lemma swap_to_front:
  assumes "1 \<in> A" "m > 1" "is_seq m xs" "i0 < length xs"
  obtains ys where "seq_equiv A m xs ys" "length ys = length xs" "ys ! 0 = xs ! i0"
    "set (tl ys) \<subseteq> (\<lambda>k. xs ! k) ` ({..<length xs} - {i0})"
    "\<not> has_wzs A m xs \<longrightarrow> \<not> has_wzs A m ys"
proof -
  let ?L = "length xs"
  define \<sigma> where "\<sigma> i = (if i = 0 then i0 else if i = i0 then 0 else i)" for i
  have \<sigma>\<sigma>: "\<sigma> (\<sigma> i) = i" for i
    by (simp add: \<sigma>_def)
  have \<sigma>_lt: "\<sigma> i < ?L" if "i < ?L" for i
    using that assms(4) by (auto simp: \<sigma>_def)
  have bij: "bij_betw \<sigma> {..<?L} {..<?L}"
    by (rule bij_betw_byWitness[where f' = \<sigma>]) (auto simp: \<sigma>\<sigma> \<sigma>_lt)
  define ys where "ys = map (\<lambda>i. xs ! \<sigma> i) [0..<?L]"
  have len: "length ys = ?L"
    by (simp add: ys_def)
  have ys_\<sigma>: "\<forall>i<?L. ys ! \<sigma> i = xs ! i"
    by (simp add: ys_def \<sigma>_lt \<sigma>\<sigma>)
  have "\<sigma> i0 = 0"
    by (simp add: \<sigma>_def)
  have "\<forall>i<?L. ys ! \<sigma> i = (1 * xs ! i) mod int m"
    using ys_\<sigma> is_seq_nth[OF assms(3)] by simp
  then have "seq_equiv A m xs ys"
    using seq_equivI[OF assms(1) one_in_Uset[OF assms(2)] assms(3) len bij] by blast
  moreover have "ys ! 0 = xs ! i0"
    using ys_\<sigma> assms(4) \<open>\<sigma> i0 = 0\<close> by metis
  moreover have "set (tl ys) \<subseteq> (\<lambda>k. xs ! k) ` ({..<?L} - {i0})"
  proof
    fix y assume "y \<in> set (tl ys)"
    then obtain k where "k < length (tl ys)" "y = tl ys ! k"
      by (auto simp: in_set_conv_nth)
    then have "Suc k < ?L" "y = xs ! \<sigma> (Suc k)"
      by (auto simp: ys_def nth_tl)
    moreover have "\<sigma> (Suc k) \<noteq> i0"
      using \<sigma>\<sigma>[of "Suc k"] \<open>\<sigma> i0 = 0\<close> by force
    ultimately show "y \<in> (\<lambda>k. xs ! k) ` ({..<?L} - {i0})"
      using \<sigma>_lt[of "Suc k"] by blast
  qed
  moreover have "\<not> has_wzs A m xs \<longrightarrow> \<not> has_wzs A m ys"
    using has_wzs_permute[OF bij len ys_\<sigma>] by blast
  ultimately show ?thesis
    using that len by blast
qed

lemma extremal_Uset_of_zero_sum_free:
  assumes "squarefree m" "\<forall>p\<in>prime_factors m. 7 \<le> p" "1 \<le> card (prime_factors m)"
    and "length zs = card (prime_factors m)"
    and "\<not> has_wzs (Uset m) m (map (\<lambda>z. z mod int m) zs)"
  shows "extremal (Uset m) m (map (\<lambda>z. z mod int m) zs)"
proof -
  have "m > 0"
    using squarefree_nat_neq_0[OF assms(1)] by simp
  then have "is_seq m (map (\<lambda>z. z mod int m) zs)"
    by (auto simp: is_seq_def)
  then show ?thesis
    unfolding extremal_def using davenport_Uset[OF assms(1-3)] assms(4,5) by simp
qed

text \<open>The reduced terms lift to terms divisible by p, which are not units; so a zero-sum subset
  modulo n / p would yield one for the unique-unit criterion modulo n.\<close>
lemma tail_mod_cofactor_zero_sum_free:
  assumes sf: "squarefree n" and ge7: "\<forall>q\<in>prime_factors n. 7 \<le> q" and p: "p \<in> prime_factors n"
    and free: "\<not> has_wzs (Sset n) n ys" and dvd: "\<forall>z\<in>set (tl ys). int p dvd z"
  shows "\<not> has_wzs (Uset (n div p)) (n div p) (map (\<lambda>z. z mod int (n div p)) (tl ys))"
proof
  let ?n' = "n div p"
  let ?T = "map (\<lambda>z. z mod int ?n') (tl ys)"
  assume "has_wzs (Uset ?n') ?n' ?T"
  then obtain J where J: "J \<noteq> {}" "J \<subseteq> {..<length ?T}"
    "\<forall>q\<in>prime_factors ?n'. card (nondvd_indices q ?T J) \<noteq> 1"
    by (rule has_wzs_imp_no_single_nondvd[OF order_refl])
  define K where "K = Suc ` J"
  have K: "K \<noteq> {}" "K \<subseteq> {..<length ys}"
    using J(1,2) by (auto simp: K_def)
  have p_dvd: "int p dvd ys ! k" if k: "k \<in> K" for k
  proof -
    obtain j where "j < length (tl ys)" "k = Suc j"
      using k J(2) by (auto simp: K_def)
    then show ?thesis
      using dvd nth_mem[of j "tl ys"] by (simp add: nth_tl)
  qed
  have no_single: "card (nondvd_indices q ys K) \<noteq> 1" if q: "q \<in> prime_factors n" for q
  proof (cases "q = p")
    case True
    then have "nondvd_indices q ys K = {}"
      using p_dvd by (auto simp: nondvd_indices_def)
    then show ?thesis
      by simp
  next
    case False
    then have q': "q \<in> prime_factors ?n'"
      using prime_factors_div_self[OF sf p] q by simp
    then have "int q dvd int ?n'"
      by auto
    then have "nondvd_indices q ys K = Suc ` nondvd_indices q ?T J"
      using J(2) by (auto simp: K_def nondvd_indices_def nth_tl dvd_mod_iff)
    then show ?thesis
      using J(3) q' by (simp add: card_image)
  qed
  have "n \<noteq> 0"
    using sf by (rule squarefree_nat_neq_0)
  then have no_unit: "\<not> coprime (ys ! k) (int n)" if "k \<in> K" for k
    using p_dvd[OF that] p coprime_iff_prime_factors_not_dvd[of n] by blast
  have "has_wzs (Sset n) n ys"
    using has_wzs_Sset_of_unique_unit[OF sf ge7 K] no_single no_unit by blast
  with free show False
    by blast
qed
---
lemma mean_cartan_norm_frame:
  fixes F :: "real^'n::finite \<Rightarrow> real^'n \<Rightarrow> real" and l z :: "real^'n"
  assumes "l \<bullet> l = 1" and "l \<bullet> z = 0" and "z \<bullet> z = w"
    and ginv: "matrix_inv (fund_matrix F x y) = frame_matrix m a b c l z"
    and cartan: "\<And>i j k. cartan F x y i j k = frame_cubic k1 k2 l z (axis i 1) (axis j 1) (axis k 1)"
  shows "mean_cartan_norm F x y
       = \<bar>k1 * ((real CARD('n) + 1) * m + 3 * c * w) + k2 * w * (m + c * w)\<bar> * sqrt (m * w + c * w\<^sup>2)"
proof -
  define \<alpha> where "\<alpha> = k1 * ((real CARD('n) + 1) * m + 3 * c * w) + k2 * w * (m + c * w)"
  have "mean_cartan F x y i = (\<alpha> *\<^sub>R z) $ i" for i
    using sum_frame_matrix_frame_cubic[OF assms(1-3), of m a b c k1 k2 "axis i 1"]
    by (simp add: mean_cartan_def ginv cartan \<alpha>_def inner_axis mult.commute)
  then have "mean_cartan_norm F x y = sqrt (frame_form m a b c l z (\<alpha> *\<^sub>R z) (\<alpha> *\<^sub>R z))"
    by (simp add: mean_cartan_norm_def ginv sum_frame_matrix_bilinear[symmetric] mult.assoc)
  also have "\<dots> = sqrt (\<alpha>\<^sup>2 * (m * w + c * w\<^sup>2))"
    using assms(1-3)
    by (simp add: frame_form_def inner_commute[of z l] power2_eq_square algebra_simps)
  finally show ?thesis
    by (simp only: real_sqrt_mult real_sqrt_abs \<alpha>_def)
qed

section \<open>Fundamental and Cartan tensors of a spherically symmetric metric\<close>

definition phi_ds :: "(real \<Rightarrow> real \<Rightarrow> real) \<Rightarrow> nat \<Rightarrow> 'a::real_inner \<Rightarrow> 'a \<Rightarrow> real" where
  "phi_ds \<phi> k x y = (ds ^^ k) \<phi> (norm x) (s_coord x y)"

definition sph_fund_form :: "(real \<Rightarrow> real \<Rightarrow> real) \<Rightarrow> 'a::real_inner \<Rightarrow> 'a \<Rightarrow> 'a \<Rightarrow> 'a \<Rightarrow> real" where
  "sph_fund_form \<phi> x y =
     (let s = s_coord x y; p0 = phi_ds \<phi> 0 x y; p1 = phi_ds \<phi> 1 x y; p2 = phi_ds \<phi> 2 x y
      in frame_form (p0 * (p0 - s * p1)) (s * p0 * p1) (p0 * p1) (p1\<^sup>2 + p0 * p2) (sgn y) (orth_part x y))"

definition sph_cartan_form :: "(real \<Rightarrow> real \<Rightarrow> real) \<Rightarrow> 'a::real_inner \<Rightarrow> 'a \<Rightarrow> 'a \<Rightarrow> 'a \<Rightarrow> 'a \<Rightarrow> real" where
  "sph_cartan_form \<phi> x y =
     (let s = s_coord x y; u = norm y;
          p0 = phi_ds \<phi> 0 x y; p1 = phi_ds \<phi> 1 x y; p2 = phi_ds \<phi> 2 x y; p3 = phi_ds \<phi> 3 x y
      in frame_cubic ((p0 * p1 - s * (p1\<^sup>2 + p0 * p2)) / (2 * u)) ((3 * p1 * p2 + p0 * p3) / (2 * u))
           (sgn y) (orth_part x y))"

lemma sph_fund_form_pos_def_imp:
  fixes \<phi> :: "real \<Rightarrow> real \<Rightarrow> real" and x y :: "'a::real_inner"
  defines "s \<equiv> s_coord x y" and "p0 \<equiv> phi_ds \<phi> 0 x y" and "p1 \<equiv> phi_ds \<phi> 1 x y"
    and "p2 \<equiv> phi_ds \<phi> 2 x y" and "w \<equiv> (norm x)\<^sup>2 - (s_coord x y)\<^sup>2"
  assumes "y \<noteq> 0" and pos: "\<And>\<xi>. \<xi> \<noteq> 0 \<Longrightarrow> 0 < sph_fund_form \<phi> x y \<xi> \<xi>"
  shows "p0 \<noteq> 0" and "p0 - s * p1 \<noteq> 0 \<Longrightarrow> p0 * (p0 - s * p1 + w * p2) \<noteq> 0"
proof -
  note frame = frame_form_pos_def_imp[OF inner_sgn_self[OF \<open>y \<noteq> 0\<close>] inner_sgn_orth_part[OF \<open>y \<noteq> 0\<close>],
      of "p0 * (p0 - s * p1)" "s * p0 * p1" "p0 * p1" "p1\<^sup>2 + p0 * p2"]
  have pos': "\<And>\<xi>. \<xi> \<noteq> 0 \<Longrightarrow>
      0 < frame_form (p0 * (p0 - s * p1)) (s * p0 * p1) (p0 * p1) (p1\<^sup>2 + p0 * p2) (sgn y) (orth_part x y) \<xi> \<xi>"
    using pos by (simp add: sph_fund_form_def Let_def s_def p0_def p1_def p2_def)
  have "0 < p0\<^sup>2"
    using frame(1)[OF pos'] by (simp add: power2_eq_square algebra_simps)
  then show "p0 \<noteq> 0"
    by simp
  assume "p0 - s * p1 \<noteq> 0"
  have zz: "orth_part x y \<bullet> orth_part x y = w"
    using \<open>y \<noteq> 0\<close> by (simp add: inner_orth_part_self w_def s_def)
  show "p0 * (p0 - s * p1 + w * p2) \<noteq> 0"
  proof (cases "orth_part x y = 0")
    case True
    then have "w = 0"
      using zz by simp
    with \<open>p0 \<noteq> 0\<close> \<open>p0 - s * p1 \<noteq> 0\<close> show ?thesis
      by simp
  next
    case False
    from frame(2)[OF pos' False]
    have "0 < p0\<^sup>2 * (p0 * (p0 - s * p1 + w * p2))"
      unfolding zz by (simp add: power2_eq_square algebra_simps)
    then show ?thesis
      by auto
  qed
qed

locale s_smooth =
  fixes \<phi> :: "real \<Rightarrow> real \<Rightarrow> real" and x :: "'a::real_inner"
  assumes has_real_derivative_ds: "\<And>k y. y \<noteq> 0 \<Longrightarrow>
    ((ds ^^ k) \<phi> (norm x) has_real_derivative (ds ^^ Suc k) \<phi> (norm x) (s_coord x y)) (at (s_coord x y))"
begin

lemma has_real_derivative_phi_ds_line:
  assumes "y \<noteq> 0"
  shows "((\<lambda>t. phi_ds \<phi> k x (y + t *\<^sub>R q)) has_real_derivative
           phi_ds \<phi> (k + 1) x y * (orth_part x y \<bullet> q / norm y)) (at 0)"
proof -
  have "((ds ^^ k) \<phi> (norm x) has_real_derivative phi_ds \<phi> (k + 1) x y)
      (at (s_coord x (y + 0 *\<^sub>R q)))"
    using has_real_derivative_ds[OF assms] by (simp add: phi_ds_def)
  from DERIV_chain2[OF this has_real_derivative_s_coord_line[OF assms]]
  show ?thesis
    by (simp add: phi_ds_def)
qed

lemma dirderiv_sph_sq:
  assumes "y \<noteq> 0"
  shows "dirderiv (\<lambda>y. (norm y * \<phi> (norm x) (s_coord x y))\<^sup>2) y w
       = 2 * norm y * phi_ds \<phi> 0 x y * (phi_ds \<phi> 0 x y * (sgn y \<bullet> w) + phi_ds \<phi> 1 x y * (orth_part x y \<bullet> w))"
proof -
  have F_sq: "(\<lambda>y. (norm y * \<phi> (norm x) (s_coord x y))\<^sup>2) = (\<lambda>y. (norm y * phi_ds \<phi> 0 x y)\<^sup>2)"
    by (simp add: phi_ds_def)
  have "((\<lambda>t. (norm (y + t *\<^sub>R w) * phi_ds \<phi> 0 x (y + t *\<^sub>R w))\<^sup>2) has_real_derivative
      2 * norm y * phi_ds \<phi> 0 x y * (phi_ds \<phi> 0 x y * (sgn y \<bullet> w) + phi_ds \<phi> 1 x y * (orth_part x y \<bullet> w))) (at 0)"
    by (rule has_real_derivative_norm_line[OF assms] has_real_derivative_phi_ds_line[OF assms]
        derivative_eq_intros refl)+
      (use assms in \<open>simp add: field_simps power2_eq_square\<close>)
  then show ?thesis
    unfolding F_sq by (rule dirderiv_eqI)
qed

▶ What you have to do: The lines holding the word "with" are the answer. Find them in the entries and copy them.

▶ Answer to this exercise:
  with free show False
    with \<open>p0 \<noteq> 0\<close> \<open>p0 - s * p1 \<noteq> 0\<close> show ?thesis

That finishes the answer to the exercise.